Chances are, you haven’t heard of JAB Holding Company, but you’ve probably consumed their coffee products.
Fifty years ago, the privately held German conglomerate was selling chemicals for pools, resigned to a life of irrelevance. Today, they own Keurig, Peet’s Coffee, and the Dr Pepper Snapple Group — a $20B trove that has a hand in “every form and venue” of the coffee game.
How’d they get there?
JAB began in the 1820s when Johann Adam Benckiser purchased a chemical laboratory and handed the reins over to a chemist named Ludwig Reimann.
Over the next century, the lab became the world’s largest citric acid producer (one of the chemicals used to clean swimming pools and merchant ships). Then, in the 1970s, they began to morph into an investment firm…
And, starting in 2012, JAB went all-in on coffee
In recent years, JAB has quietly plunked down majority stakes in some of the biggest coffee brands in the world, including Keurig ($13.9B), Peet’s Coffee ($974m), Stumptown, Intelligentsia, and the Caribou Coffee Company.
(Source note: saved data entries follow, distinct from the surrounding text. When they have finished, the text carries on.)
lemma Top_kernel_nonneg:
  assumes "\<And>x. 0 \<le> \<rho> x" "\<And>x. 0 \<le> \<eta> x"
  shows "0 \<le> Top_kernel \<rho> \<eta> x y"
proof -
  have "0 \<le> (LINT y:ball 0 1|lebesgue. \<rho> y)"
    unfolding set_lebesgue_integral_def by (rule integral_nonneg_AE) (simp add: assms(1))
  then show ?thesis
    using assms by (simp add: Top_kernel_def Cfun_def M_rho_def)
qed

lemma Top_kernel_measurable:
  assumes [measurable]: "\<rho> \<in> borel_measurable borel" "\<eta> \<in> borel_measurable borel"
  shows "case_prod (Top_kernel \<rho> \<eta>) \<in> borel_measurable (lebesgue \<Otimes>\<^sub>M lebesgue)"
proof -
  have [measurable]: "(\<lambda>x. x) \<in> lebesgue \<rightarrow>\<^sub>M (borel :: 'a measure)"
    by (rule measurable_completion) simp
  show ?thesis
    unfolding Top_kernel_def[abs_def] Cfun_def by measurable
qed

lemma continuous_on_Top_kernel:
  assumes "continuous_on UNIV \<rho>"
  shows "continuous_on S (Top_kernel \<rho> \<eta> x)"
proof -
  have "continuous_on UNIV (\<lambda>y. \<rho> ((1 / \<eta> x) *\<^sub>R (x - y)))"
    by (rule continuous_on_compose2[OF assms]) (auto intro!: continuous_intros)
  then show ?thesis
    unfolding Top_kernel_def[abs_def] by (rule continuous_on_subset[OF continuous_on_mult_left]) simp
qed

theorem proposition5p1:
  fixes \<Omega> :: "'a::euclidean_space set" and \<rho> \<eta> :: "'a \<Rightarrow> real"
  assumes "open \<Omega>" and "bounded \<Omega>"
    and rho_smooth: "smooth_fun \<rho>"
    and rho_bounds: "\<And>x. 0 \<le> \<rho> x \<and> \<rho> x \<le> 1"
    and rho_zero: "\<And>x. \<rho> x = 0 \<longleftrightarrow> norm x \<ge> 1"
    and rho_radial: "\<And>x z. norm x = norm z \<Longrightarrow> \<rho> x = \<rho> z"
    and rho_half: "\<And>x z. norm x < 1/2 \<Longrightarrow> norm z = 1/2 \<Longrightarrow> \<rho> x \<ge> \<rho> z"
    and eta_smooth: "smooth_fun \<eta>"
    and eta_nonneg: "\<And>x. \<eta> x \<ge> 0"
    and eta_zero: "{x. \<eta> x = 0} = frontier \<Omega>"
    and eta_flat: "\<And>vs x. x \<in> frontier \<Omega> \<Longrightarrow> iter_dderiv \<eta> vs x = 0"
    and eta_dist: "\<And>x. x \<notin> frontier \<Omega> \<Longrightarrow> \<eta> x < infdist x (frontier \<Omega>)"
  shows "(\<exists>c. \<forall>f. set_integrable lebesgue \<Omega> f \<longrightarrow>
              set_integrable lebesgue \<Omega> (Top \<rho> \<eta> \<Omega> f) \<and>
              (LINT x:\<Omega>|lebesgue. \<bar>Top \<rho> \<eta> \<Omega> f x\<bar>) \<le> c * (LINT x:\<Omega>|lebesgue. \<bar>f x\<bar>))
         \<longleftrightarrow>
         (SUP y\<in>\<Omega>. \<integral>\<^sup>+ x\<in>\<Omega>. ennreal (Cfun \<rho> \<eta> x * \<rho> ((1 / \<eta> x) *\<^sub>R (x - y))) \<partial>lebesgue) < \<infinity>"
proof -
  have "L1_bounded_on \<Omega> (kernel_operator (Top_kernel \<rho> \<eta>) \<Omega>) \<longleftrightarrow>
      (SUP y\<in>\<Omega>. \<integral>\<^sup>+x\<in>\<Omega>. ennreal (Top_kernel \<rho> \<eta> x y) \<partial>lebesgue) < \<infinity>"
  proof (rule L1_bounded_kernel_operator_iff[OF \<open>open \<Omega>\<close>])
    show "case_prod (Top_kernel \<rho> \<eta>) \<in> borel_measurable (lebesgue \<Otimes>\<^sub>M lebesgue)"
      using rho_smooth eta_smooth by (intro Top_kernel_measurable smooth_fun_borel_measurable)
    show "0 \<le> Top_kernel \<rho> \<eta> x y" for x y
      using rho_bounds eta_nonneg by (simp add: Top_kernel_nonneg)
    show "continuous_on \<Omega> (Top_kernel \<rho> \<eta> x)" for x
      using rho_smooth by (intro continuous_on_Top_kernel smooth_fun_continuous_on)
  qed
  then show ?thesis
    unfolding L1_bounded_on_def Top_eq_kernel_operator Top_kernel_def .
qed

end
JAB also bought out coffee-related food chains like Krispy Kreme ($1.35B) and Panera Bread ($7.5B), and put up $18.7B for soft drink giant Dr Pepper Snapple Group in a bid to bolster its distribution.
As a result, JAB now plays a role in the entire arc of an average coffee consumer’s day: Keurig K-Cups for the home, chains like Peet’s for those on the go, and cold brews from Stumptown at the grocery store.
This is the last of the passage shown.